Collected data
= Beginning of Section =

theorem mainTheorem8:
  fixes f :: "'a::{finite,field} poly" and \<alpha> :: 'a and r n :: nat
    and h :: "(nat, 'a) mpoly"
  assumes "CARD('a) = 2 ^ r" and "odd r" and "r > 1" and "n \<ge> 1"
    and "\<alpha> \<noteq> 0" and "\<alpha> \<noteq> 1"
    and "bij (poly f)" and "Polynomial.degree f = CARD('a) - 2"
    and "h = ((\<Prod>i<n. mvar i ^ (CARD('a) - 1)) + mconst \<alpha>) * poly_in_var n f"
  shows "is_mpp {0..n} h \<and> mtotal_degree h = n * (CARD('a) - 1) + (CARD('a) - 2)"
proof
  have "CHAR('a) = 2"
    using assms(1,3) by (intro CHAR_eq_prime_if_CARD_prime_power) auto
  then have "is_mpp (insert n {..<n}) h"
    unfolding assms(9) using assms(5-7) by (intro is_mpp_prod_power_card_minus_one_plus_const_mult) auto
  moreover have "insert n {..<n} = {0..n}" by auto
  ultimately show "is_mpp {0..n} h" by simp
next
  have "f \<noteq> 0"
    using assms(7) by (metis bij_is_inj injD poly_0 zero_neq_one)
  moreover have "CARD('a) - 1 \<noteq> 0"
    using card_field_ge_2[where 'a='a] by simp
  ultimately show "mtotal_degree h = n * (CARD('a) - 1) + (CARD('a) - 2)"
    unfolding assms(9) using assms(4,8)
    by (subst mtotal_degree_prod_mvar_power_plus_const_mult_poly_in_var) (auto simp: lessThan_empty_iff)
qed

end
lemma weight_atom_relE:
  assumes "weight_atom_rel Q R"
  obtains "Q = QLe" "R = (\<le>)" | "Q = QLt" "R = (<)"
  using assms unfolding weight_atom_rel_def by blast

lemma weight_atom_rel_mono: "weight_atom_rel Q R \<Longrightarrow> R w a \<Longrightarrow> a \<le> b \<Longrightarrow> R w b"
  by (erule weight_atom_relE) auto

lemma weight_atom_rel_shift:
  "weight_atom_rel Q R \<Longrightarrow> R (w - ereal c) (ereal a) \<longleftrightarrow> R w (ereal (a + c))"
  by (erule weight_atom_relE; cases w) auto

definition weight_rules ::
    "(ereal \<Rightarrow> 'a wexpr \<Rightarrow> 'a natom) \<Rightarrow> (ereal \<Rightarrow> ereal \<Rightarrow> bool) \<Rightarrow> ereal \<Rightarrow> 'a wexpr \<Rightarrow> 'a natom nrule set" where
  "weight_rules Q R w S =
     (if R w 0 then {(qatom (Q w S), FTop)}
      else if R w (wtotal S) then
        {(qatom (Q w S), qatom (Q w (butlast S))),
         (qatom (Q w S), FAnd (elem_form (fst (last S))) (qatom (Q (w - ereal (snd (last S))) (butlast S))))}
      else {})"

lemma weight_rules_head: "(h, b) \<in> weight_rules Q R w S \<Longrightarrow> h = qatom (Q w S)"
  unfolding weight_rules_def by (auto split: if_splits)

lemma weight_rules_body_atoms:
  "(h, b) \<in> weight_rules Q R w S \<Longrightarrow> a \<in> form_atoms b \<Longrightarrow> a \<in> range Orig \<or> (\<exists>v. a = Q v (butlast S))"
  unfolding weight_rules_def by (auto split: if_splits dest: subsetD[OF form_atoms_elem_form])

lemma weight_rules_Nil: "weight_rules Q R w [] = (if R w 0 then {(qatom (Q w []), FTop)} else {})"
  by (simp add: weight_rules_def wtotal_def zero_ereal_def)

lemma weight_rules_snoc:
  "weight_rules Q R w (S @ [(c, v)]) =
     (if R w 0 then {(qatom (Q w (S @ [(c, v)])), FTop)}
      else if R w (wtotal (S @ [(c, v)])) then
        {(qatom (Q w (S @ [(c, v)])), qatom (Q w S)),
         (qatom (Q w (S @ [(c, v)])), FAnd (elem_form c) (qatom (Q (w - ereal v) S)))}
      else {})"
  by (simp add: weight_rules_def)

lemma closed_iff:
  "closed \<Pi> \<longleftrightarrow>
     (\<forall>Q R w S. weight_atom_rel Q R \<longrightarrow> Q w S \<in> prog_atoms \<Pi> \<longrightarrow> weight_rules Q R w S \<subseteq> \<Pi>)"
proof -
  have le: "weight_rules QLe (\<le>) w S \<subseteq> \<Pi> \<longleftrightarrow>
      (w \<le> 0 \<longrightarrow> (qatom (QLe w S), FTop) \<in> \<Pi>) \<and>
      (0 < w \<and> w \<le> wtotal S \<longrightarrow>
         (qatom (QLe w S), qatom (QLe w (butlast S))) \<in> \<Pi> \<and>
         (qatom (QLe w S), FAnd (elem_form (fst (last S)))
            (qatom (QLe (w - ereal (snd (last S))) (butlast S)))) \<in> \<Pi>)" for w S
    unfolding weight_rules_def by (auto simp: not_le)
  have lt: "weight_rules QLt (<) w S \<subseteq> \<Pi> \<longleftrightarrow>
      (w < 0 \<longrightarrow> (qatom (QLt w S), FTop) \<in> \<Pi>) \<and>
      (0 \<le> w \<and> w < wtotal S \<longrightarrow>
         (qatom (QLt w S), qatom (QLt w (butlast S))) \<in> \<Pi> \<and>
         (qatom (QLt w S), FAnd (elem_form (fst (last S)))
            (qatom (QLt (w - ereal (snd (last S))) (butlast S)))) \<in> \<Pi>)" for w S
    unfolding weight_rules_def by (auto simp: not_less)
  have "(\<forall>Q R w S. weight_atom_rel Q R \<longrightarrow> Q w S \<in> prog_atoms \<Pi> \<longrightarrow> weight_rules Q R w S \<subseteq> \<Pi>) \<longleftrightarrow>
      (\<forall>w S. QLe w S \<in> prog_atoms \<Pi> \<longrightarrow> weight_rules QLe (\<le>) w S \<subseteq> \<Pi>) \<and>
      (\<forall>w S. QLt w S \<in> prog_atoms \<Pi> \<longrightarrow> weight_rules QLt (<) w S \<subseteq> \<Pi>)"
    unfolding weight_atom_rel_def by blast
  then show ?thesis unfolding closed_def le lt by (rule sym)
qed

lemma closedD:
  "closed \<Pi> \<Longrightarrow> weight_atom_rel Q R \<Longrightarrow> Q w S \<in> prog_atoms \<Pi> \<Longrightarrow> weight_rules Q R w S \<subseteq> \<Pi>"
  unfolding closed_iff by blast

lemma closed_Inter:
  assumes "\<And>\<Pi>. \<Pi> \<in> F \<Longrightarrow> closed \<Pi>"
  shows "closed (\<Inter>F)"
  unfolding closed_iff
proof (intro allI impI)
  fix Q R w S assume QR: "weight_atom_rel Q R" and a: "Q w S \<in> prog_atoms (\<Inter>F)"
  show "weight_rules Q R w S \<subseteq> \<Inter>F"
  proof (rule Inter_greatest)
    fix \<Pi> assume "\<Pi> \<in> F"
    then have "closed \<Pi>" "Q w S \<in> prog_atoms \<Pi>"
      using assms a prog_atoms_mono[OF Inter_lower] by auto
    then show "weight_rules Q R w S \<subseteq> \<Pi>" using QR closedD by blast
  qed
qed

lemma nn_closed: "closed (nn \<Omega>)"
  unfolding nn_def by (rule closed_Inter) simp

lemma rule_base_subset_nn: "r \<in> \<Omega> \<Longrightarrow> rule_base r \<subseteq> nn \<Omega>"
  unfolding nn_def by (intro Inter_greatest) auto

lemma nn_least: "closed \<Pi> \<Longrightarrow> (\<Union>r \<in> \<Omega>. rule_base r) \<subseteq> \<Pi> \<Longrightarrow> nn \<Omega> \<subseteq> \<Pi>"
  unfolding nn_def by (intro Inter_lower) simp

lemma weight_rules_subset_nn:
  "weight_atom_rel Q R \<Longrightarrow> Q w S \<in> prog_atoms (nn \<Omega>) \<Longrightarrow> weight_rules Q R w S \<subseteq> nn \<Omega>"
  by (rule closedD[OF nn_closed])

lemma nn_rule_cases:
  assumes "(h, b) \<in> nn \<Omega>"
  obtains (base) r where "r \<in> \<Omega>" "(h, b) \<in> rule_base r"
  | (weight) Q R w S where "weight_atom_rel Q R" "Q w S \<in> prog_atoms (nn \<Omega>)" "(h, b) \<in> weight_rules Q R w S"
proof -
  define W where "W = {x. \<exists>Q R w S. weight_atom_rel Q R \<and> Q w S \<in> prog_atoms (nn \<Omega>) \<and> x \<in> weight_rules Q R w S}"
  let ?\<Pi> = "(\<Union>r \<in> \<Omega>. rule_base r) \<union> W"
  have "W \<subseteq> nn \<Omega>" unfolding W_def using weight_rules_subset_nn by blast
  then have "?\<Pi> \<subseteq> nn \<Omega>" using rule_base_subset_nn by blast
  have "closed ?\<Pi>"
    unfolding closed_iff
  proof (intro allI impI)
    fix Q R w S assume "weight_atom_rel Q R" "Q w S \<in> prog_atoms ?\<Pi>"
    then have "weight_atom_rel Q R \<and> Q w S \<in> prog_atoms (nn \<Omega>)"
      using prog_atoms_mono[OF \<open>?\<Pi> \<subseteq> nn \<Omega>\<close>] by blast
    then show "weight_rules Q R w S \<subseteq> ?\<Pi>" unfolding W_def by blast
  qed
  then have "nn \<Omega> \<subseteq> ?\<Pi>" by (rule nn_least) simp
  then show ?thesis using assms that unfolding W_def by blast
qed

fun nonneg_atom :: "'a natom \<Rightarrow> bool" where
  "nonneg_atom (QLe w S) = nonneg_weights S"
| "nonneg_atom (QLt w S) = nonneg_weights S"
| "nonneg_atom _ = True"

lemma nonneg_atom_weight: "weight_atom_rel Q R \<Longrightarrow> nonneg_atom (Q w S) \<longleftrightarrow> nonneg_weights S"
  by (erule weight_atom_relE) auto

lemma rule_base_nonneg_atoms:
  assumes "nonneg_prog \<Omega>" "r \<in> \<Omega>" "(h, b) \<in> rule_base r" "a \<in> form_atoms h \<union> form_atoms b"
  shows "nonneg_atom a"
proof -
  obtain L0 S0 U0 Cs where r: "r = ((L0, S0, U0), Cs)" by (metis prod_cases3 surj_pair)
  have "nonneg_weights S0" using nonneg_progD[OF assms(1) assms(2)[unfolded r], of L0 S0 U0] by simp
  moreover have "nonneg_weights S" if "(L, S, U) \<in> set Cs" for L S U
    using nonneg_progD[OF assms(1) assms(2)[unfolded r], of L S U] that by simp
  ultimately show ?thesis using assms(3,4) unfolding r by (auto simp: qatom_def)
qed

lemma nonneg_atom_nn:
  assumes "nonneg_prog \<Omega>" "a \<in> prog_atoms (nn \<Omega>)"
  shows "nonneg_atom a"
proof -
  define G where "G = {(h, b) \<in> nn \<Omega>. \<forall>a \<in> form_atoms h \<union> form_atoms b. nonneg_atom a}"
  have "closed G"
    unfolding closed_iff
  proof (intro allI impI subsetI)
    fix Q R w S x assume QR: "weight_atom_rel Q R" and a: "Q w S \<in> prog_atoms G"
      and x: "x \<in> weight_rules Q R w S"
    obtain h b where x_eq: "x = (h, b)" by fastforce
    have "nonneg_weights S"
      using a nonneg_atom_weight[OF QR] unfolding prog_atoms_iff G_def by blast
    then have "nonneg_atom a" if "a \<in> form_atoms h \<union> form_atoms b" for a
      using that x weight_rules_head weight_rules_body_atoms[of h b Q R w S a]
        nonneg_atom_weight[OF QR] nonneg_weights_butlast unfolding x_eq by fastforce
    moreover have "x \<in> nn \<Omega>"
      using a x prog_atoms_mono[of G "nn \<Omega>"] weight_rules_subset_nn[OF QR] unfolding G_def by blast
    ultimately show "x \<in> G" unfolding G_def x_eq by blast
  qed
  moreover have "(\<Union>r \<in> \<Omega>. rule_base r) \<subseteq> G"
    unfolding G_def using rule_base_subset_nn rule_base_nonneg_atoms[OF assms(1)] by fast
  ultimately have "nn \<Omega> \<subseteq> G" by (rule nn_least)
  then show ?thesis using assms(2) unfolding G_def prog_atoms_iff by blast
qed

lemma QNot_rule_nn:
  assumes "QNot l \<in> prog_atoms (nn \<Omega>)"
  shows "(qatom (QNot l), FNot (FLit (lift l))) \<in> nn \<Omega>"
proof -
  obtain h b where hb: "(h, b) \<in> nn \<Omega>" and l: "QNot l \<in> form_atoms h \<union> form_atoms b"
    using assms unfolding prog_atoms_iff by blast
  from hb show ?thesis
  proof (cases rule: nn_rule_cases)
    case (base r)
    obtain L0 S0 U0 Cs where r: "r = ((L0, S0, U0), Cs)" by (metis prod_cases3 surj_pair)
    have "PosE l \<in> fst ` set S0" using base(2) l unfolding r by (force simp: qatom_def)
    then show ?thesis using rule_base_subset_nn[OF base(1)] unfolding r by auto
  next
    case (weight Q R w S)
    then show ?thesis using l weight_rules_head weight_rules_body_atoms
      by (fastforce elim: weight_atom_relE)
  qed
qed

subsection \<open>The interpretation of the new atoms induced by a set of literals\<close>

text \<open>\<open>extend \<Omega> X X\<close> is the answer set of \<open>[\<Omega>]\<^sup>n\<^sup>n\<close> corresponding to \<open>X\<close>; for \<open>M \<subseteq> X\<close>,
  \<open>extend \<Omega> M X\<close> evaluates the weight atoms in the reduct with respect to \<open>X\<close>.\<close>

fun new_atom_true :: "'a lit set \<Rightarrow> 'a lit set \<Rightarrow> 'a natom \<Rightarrow> bool" where
  "new_atom_true M X (Orig a) = False"
| "new_atom_true M X (QNot l) = (l \<notin> X)"
| "new_atom_true M X (QLe w S) = (w \<le> ereal (wsum_red M X S))"
| "new_atom_true M X (QLt w S) = (w < ereal (wsum_red M X S))"

definition extend :: "'a wrule set \<Rightarrow> 'a lit set \<Rightarrow> 'a lit set \<Rightarrow> 'a natom lit set" where
  "extend \<Omega> M X = lift ` M \<union> Pos ` {q \<in> prog_atoms (nn \<Omega>). new_atom_true M X q}"

lemma new_atom_true_weight:
  "weight_atom_rel Q R \<Longrightarrow> new_atom_true M X (Q w S) \<longleftrightarrow> R w (ereal (wsum_red M X S))"
  by (erule weight_atom_relE) auto

lemma new_atom_true_is_new: "new_atom_true M X q \<Longrightarrow> is_new q"
  by (cases q) auto

lemma lift_in_extend [simp]: "lift l \<in> extend \<Omega> M X \<longleftrightarrow> l \<in> M"
  unfolding extend_def by (auto simp: inj_image_mem_iff[OF inj_lift])

lemma Orig_in_extend [simp]: "Pos (Orig a) \<in> extend \<Omega> M X \<longleftrightarrow> Pos a \<in> M"
  using lift_in_extend[of "Pos a"] by simp

lemma Neg_in_extend [simp]: "Neg q \<in> extend \<Omega> M X \<longleftrightarrow> (\<exists>a. q = Orig a \<and> Neg a \<in> M)"
  unfolding extend_def by auto

lemma vimage_lift_extend [simp]: "lift -` extend \<Omega> M X = M"
  by auto

lemma QNot_in_extend [simp]:
  "Pos (QNot l) \<in> extend \<Omega> M X \<longleftrightarrow> QNot l \<in> prog_atoms (nn \<Omega>) \<and> l \<notin> X"
  unfolding extend_def by auto

lemma weight_atom_in_extend:
  assumes "weight_atom_rel Q R"
  shows "Pos (Q w S) \<in> extend \<Omega> M X \<longleftrightarrow> Q w S \<in> prog_atoms (nn \<Omega>) \<and> R w (ereal (wsum_red M X S))"
  using assms new_atom_true_weight[OF assms] unfolding extend_def by (auto elim: weight_atom_relE)

lemmas QLe_in_extend [simp] = weight_atom_in_extend[OF weight_atom_rel_QLe]
  and QLt_in_extend [simp] = weight_atom_in_extend[OF weight_atom_rel_QLt]

lemma consistent_extend: "consistent M \<Longrightarrow> consistent (extend \<Omega> M X)"
  unfolding consistent_def by auto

= End of Section =

◆ YOUR ASSIGNMENT
The entries above hold the needed span. Transcribe exactly the lines from the one with "(Orig a) \<in>" to the one with "and QLt_in_extend [simp]", both included.

◆ COMPLETED TASK
lemma Orig_in_extend [simp]: "Pos (Orig a) \<in> extend \<Omega> M X \<longleftrightarrow> Pos a \<in> M"
  using lift_in_extend[of "Pos a"] by simp

lemma Neg_in_extend [simp]: "Neg q \<in> extend \<Omega> M X \<longleftrightarrow> (\<exists>a. q = Orig a \<and> Neg a \<in> M)"
  unfolding extend_def by auto

lemma vimage_lift_extend [simp]: "lift -` extend \<Omega> M X = M"
  by auto

lemma QNot_in_extend [simp]:
  "Pos (QNot l) \<in> extend \<Omega> M X \<longleftrightarrow> QNot l \<in> prog_atoms (nn \<Omega>) \<and> l \<notin> X"
  unfolding extend_def by auto

lemma weight_atom_in_extend:
  assumes "weight_atom_rel Q R"
  shows "Pos (Q w S) \<in> extend \<Omega> M X \<longleftrightarrow> Q w S \<in> prog_atoms (nn \<Omega>) \<and> R w (ereal (wsum_red M X S))"
  using assms new_atom_true_weight[OF assms] unfolding extend_def by (auto elim: weight_atom_relE)

lemmas QLe_in_extend [simp] = weight_atom_in_extend[OF weight_atom_rel_QLe]
  and QLt_in_extend [simp] = weight_atom_in_extend[OF weight_atom_rel_QLt]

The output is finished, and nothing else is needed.